We should always be mindful to avoid feeding low-protein diets to dogs in growth or in situations of high basal requirements (malnutrition, burns, peritonitis, wound healing and protein-losing conditions); however, if we select our protein sources wisely, we can provide sufficient levels in a formula to allow long-term maintenance feeding of the diet.
Coupled with the inclusion of urine alkalinisers such as potassium citrate, ammonium urate precipitation is markedly less likely.
As ever (and discussed in last month’s article) we can do Jed a great favour in increasing the water turnover and urine volume travelling through his bladder. A great target to have in mind is bringing the USG below 1.020 in dogs, diluting the urine and in effect reducing the likelihood and time over which solutes can come together, crystallise and precipitate as either crystals or stones.

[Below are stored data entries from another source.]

lemma outage_one_eq:
  fixes Bw r snr :: real and \<tau> :: "node \<Rightarrow> real"
  assumes Bw: "Bw > 0" and snr: "snr > 0"
  defines "\<theta> \<equiv> gain_threshold (\<sigma>2 (S,D)) r snr"
  shows "outage_one M \<alpha> \<sigma>2 Bw \<tau> r snr
       = relay_fail R2 \<theta> * (1 - relay_fail R1 \<theta>) * combined_fail R1 \<theta>
         + relay_fail R1 \<theta> * (1 - relay_fail R2 \<theta>) * combined_fail R2 \<theta>"
proof -
  define E where "E j k = {\<omega>\<in>space M. \<theta> \<le> (cmod (\<alpha> (S,j) \<omega>))\<^sup>2 \<and> (cmod (\<alpha> (S,k) \<omega>))\<^sup>2 < \<theta>
                          \<and> (cmod (\<alpha> (S,D) \<omega>))\<^sup>2 + (cmod (\<alpha> (j,D) \<omega>))\<^sup>2 < \<theta>}" for j k
  have B: "1 + snr * \<sigma>2 (S,D) > 1" and \<rho>0: "2/3 * snr > 0"
    using snr variance_pos relay_links by auto
  have "outage_one M \<alpha> \<sigma>2 Bw \<tau> r snr = prob (E R1 R2 \<union> E R2 R1)"
    unfolding outage_one_def Let_def E_def \<theta>_def gain_threshold_def
    using single_relay_outage_iff[OF Bw \<rho>0 B, of \<tau> "\<lambda>l. \<alpha> l _" r]
    by (intro arg_cong[where f=prob]) auto
  also have "\<dots> = prob (E R1 R2) + prob (E R2 R1)"
    using gain_measurable relay_links unfolding E_def
    by (intro finite_measure_Union) (measurable, auto)
  also have "\<dots> = relay_fail R2 \<theta> * (1 - relay_fail R1 \<theta>) * combined_fail R1 \<theta>
         + relay_fail R1 \<theta> * (1 - relay_fail R2 \<theta>) * combined_fail R2 \<theta>"
    unfolding E_def by (simp add: single_relay_event_prob)
  finally show ?thesis .
qed
lemma spectral_decomposition:
  fixes A :: "real mat"
  assumes A: "A \<in> carrier_mat n n" and sym: "\<And>i j. i < n \<Longrightarrow> j < n \<Longrightarrow> A $$ (i,j) = A $$ (j,i)"
  shows "\<exists>(d :: nat \<Rightarrow> real) (p :: nat \<Rightarrow> nat \<Rightarrow> real).
    (\<forall>u. quad_form A n u = (\<Sum>i<n. d i * (\<Sum>x<n. p i x * u x)\<^sup>2)) \<and>
    (\<forall>u. (\<forall>i<n. (\<Sum>y<n. p i y * u y) = 0) \<longrightarrow> (\<forall>x<n. u x = 0)) \<and>
    neg_inertia A = card {i. i < n \<and> d i < 0}"
proof -
  obtain P where P: "P \<in> carrier_mat n n" "transpose_mat P * P = 1\<^sub>m n"
    and diag: "diagonal_mat (transpose_mat P * A * P)"
    using symmetric_orthogonal_diagonalization[OF A sym] by blast
  have "quad_form A n u = (\<Sum>i<n. (transpose_mat P * A * P) $$ (i,i) * (\<Sum>x<n. P $$ (x,i) * u x)\<^sup>2)"
    for u by (rule quad_form_sum_squares) (rule orthogonal_diagonal_entries[OF A P diag])
  moreover have "u x = 0" if "\<forall>i<n. (\<Sum>y<n. P $$ (y,i) * u y) = 0" "x < n" for u x
    by (rule orthogonal_coords_eq_0[OF P that])
  ultimately show ?thesis using neg_inertia_orthogonal_diagonal[OF A P diag]
    by (intro exI[of _ "\<lambda>i. (transpose_mat P * A * P) $$ (i,i)"] exI[of _ "\<lambda>i x. P $$ (x,i)"]) blast
qed

lemma homogeneous_system_nontrivial_solution:
  fixes c :: "'k \<Rightarrow> 'i \<Rightarrow> real"
  assumes "finite K" "finite I" "card K < card I"
  shows "\<exists>\<beta>. (\<exists>i\<in>I. \<beta> i \<noteq> 0) \<and> (\<forall>k\<in>K. (\<Sum>i\<in>I. c k i * \<beta> i) = 0)"
  using assms
proof (induction K arbitrary: I c rule: finite_induct)
  case empty
  then obtain i0 where "i0 \<in> I" by (metis all_not_in_conv card.empty less_irrefl)
  then show ?case by (intro exI[of _ "\<lambda>_. 1"]) auto
next
  case (insert k0 K)
  show ?case
  proof (cases "\<forall>i\<in>I. c k0 i = 0")
    case True
    have "card K < card I" using insert.prems(2) insert.hyps by simp
    then obtain \<beta> where "\<exists>i\<in>I. \<beta> i \<noteq> 0" "\<forall>k\<in>K. (\<Sum>i\<in>I. c k i * \<beta> i) = 0"
      using insert.IH[OF insert.prems(1) \<open>card K < card I\<close>, of c] by blast
    then show ?thesis using True by (intro exI[of _ \<beta>]) auto
  next
    case False
    then obtain i0 where i0: "i0 \<in> I" "c k0 i0 \<noteq> 0" by auto
    define I' where "I' = I - {i0}"
    \<comment> \<open>Gaussian elimination of the unknown i0 using the equation k0\<close>
    define c' where "c' k i = c k i - c k i0 * c k0 i / c k0 i0" for k i
    have I': "finite I'" "card K < card I'" using insert.prems insert.hyps i0 by (simp_all add: I'_def)
    obtain \<beta>' where b': "\<exists>i\<in>I'. \<beta>' i \<noteq> 0" "\<forall>k\<in>K. (\<Sum>i\<in>I'. c' k i * \<beta>' i) = 0"
      using insert.IH[OF I'] by blast
    define \<beta> where "\<beta> i = (if i = i0 then - (\<Sum>j\<in>I'. c k0 j * \<beta>' j) / c k0 i0 else \<beta>' i)" for i
    have sumI: "(\<Sum>i\<in>I. f i) = f i0 + (\<Sum>i\<in>I'. f i)" for f :: "'i \<Rightarrow> real"
      using insert.prems(1) i0(1) unfolding I'_def by (simp add: sum.remove)
    have sumI': "(\<Sum>i\<in>I'. g i * \<beta> i) = (\<Sum>i\<in>I'. g i * \<beta>' i)" for g :: "'i \<Rightarrow> real"
      by (intro sum.cong refl) (auto simp: \<beta>_def I'_def)
    have "(\<Sum>i\<in>I. c k i * \<beta> i) = 0" if k: "k \<in> insert k0 K" for k
    proof (cases "k = k0")
      case True
      show ?thesis unfolding True sumI sumI' using i0(2) by (simp add: \<beta>_def)
    next
      case False
      then have "0 = (\<Sum>i\<in>I'. c' k i * \<beta>' i)" using b'(2) k by simp
      also have "\<dots> = (\<Sum>i\<in>I'. c k i * \<beta>' i) - c k i0 / c k0 i0 * (\<Sum>i\<in>I'. c k0 i * \<beta>' i)"
        unfolding c'_def by (simp add: algebra_simps sum_subtractf sum_distrib_left)
      also have "\<dots> = (\<Sum>i\<in>I. c k i * \<beta> i)" unfolding sumI sumI' using i0(2)
        by (simp add: \<beta>_def field_simps)
      finally show ?thesis by simp
    qed
    moreover have "\<exists>i\<in>I. \<beta> i \<noteq> 0" using b'(1) by (auto simp: \<beta>_def I'_def)
    ultimately show ?thesis by blast
  qed
qed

Jed proves to us that all cases of urolithiasis are not the same. Sometimes we’ll be challenged with mixed, atypical or metabolic stones which encourage us to slow down, review pathophysiology and the factors which have led the patient to our consultation room.
While we could have gone down a dissolution route with Jed, removing that stone is always going to be a good idea. He’s a classic case which we might discuss on the Royal Canin nutritional helpline and it’s always reassuring to know that even atypical stones are manageable given the right tools.
References and further reading
1. Caney, S., Cortadellas, O., Dhumeaux, M. and Nickel, R. (2014) Practical Management of Urinary Tract Disease. Veterinary Focus special edition: Royal Canin, Aimargues France.
2. Hesse, A. and Neiger, R. (2009) A Colour Handbook of Urinary Stones in Small Animal Medicine: Manson Publishing, London.
3. Villaverde, C. (2014) Urates in bladder disease. Veterinary Focus; Lower Urinary Tract Disease 24 (1): 10-14.